I like Conrad. He's a bit too stupidly moral and honorable, but he's a good main character for the times. Smart, resourceful, determined and on a mission. Thanks to a good education in history, Conrad knows just how much trouble Poland, and him and everyone in it, are in. The Mongols are coming in 10 years and will kill and ravage everything and everyone in sight. Well, not if Conrad has anything to say about it!

The first four books cover these 10 years and Conrad's attempt to prepare Poland to survive the Mongol Horde. It's a fun ride to watch him attempt the Industrial Revolution a couple hundred years before its time. Teaching blacksmiths how to make proper steel, introducing the loom for faster and better cloth, steam engines, a proper army, you name it. All to prepare to repel, or even defeat, the invading army coming.

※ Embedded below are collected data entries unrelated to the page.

lemma orthogonal_decomposition:
  assumes f: "f \<in> H"
  shows "\<exists>a\<in>S. \<exists>b\<in>orthogonal_complement S. f = (\<lambda>x. a x + b x)"
proof (intro bexI)
  define a where "a = (\<lambda>x. ip f (\<lambda>z. K' z x))"
  have aS: "a \<in> S" unfolding a_def using kernel_projection(1)[OF f] .
  have aH: "a \<in> H" using closed_subspace_subset[OF S aS] .
  show "a \<in> S" by (fact aS)
  have "ip (\<lambda>x. f x - a x) s = 0" if "s \<in> S" for s
    using kernel_projection(2)[OF f that] inner_diff_left[OF f aH] inner_commute[OF aH]
      closed_subspace_subset[OF S that] unfolding a_def[symmetric] by simp
  then show "(\<lambda>x. f x - a x) \<in> orthogonal_complement S"
    using diff_mem[OF f aH] unfolding orthogonal_complement_def by blast
  show "f = (\<lambda>x. a x + (f x - a x))" by simp
qed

The thing I enjoyed the most were the technological advances. Moving from the Middle Ages to steam power to armor, machines guns, airplanes, steamboats. It was pretty fun. By book two, I realized that he rarely didn't accomplish his goals, which relieved the tension of Poland being trampled by the Mongols, or Conrad dying, so I just went along for the ride and watched him change time. Not having the threat of failure may sound boring, but it actually made it more enjoyable for me. Go figure.

Don't forget time travel! Every now and then there's an interlude and we get a glimpse of people watching a "documentary" about Conrad's life. But as the books move on, time seems to split. Things are appear to be different between memories and recorded fact and alternate timelines pop up. Then things start to get all wibbly wobbly.

But enough spoilers. This was a pretty fun read. I read at the rate of about one book a day and enjoyed the ride. It's fast-paced, fun, sciency, action, and male centric. This series is not for everyone, but if you can move past the whole male-centric society without a really strong female character, then you'll have some fun.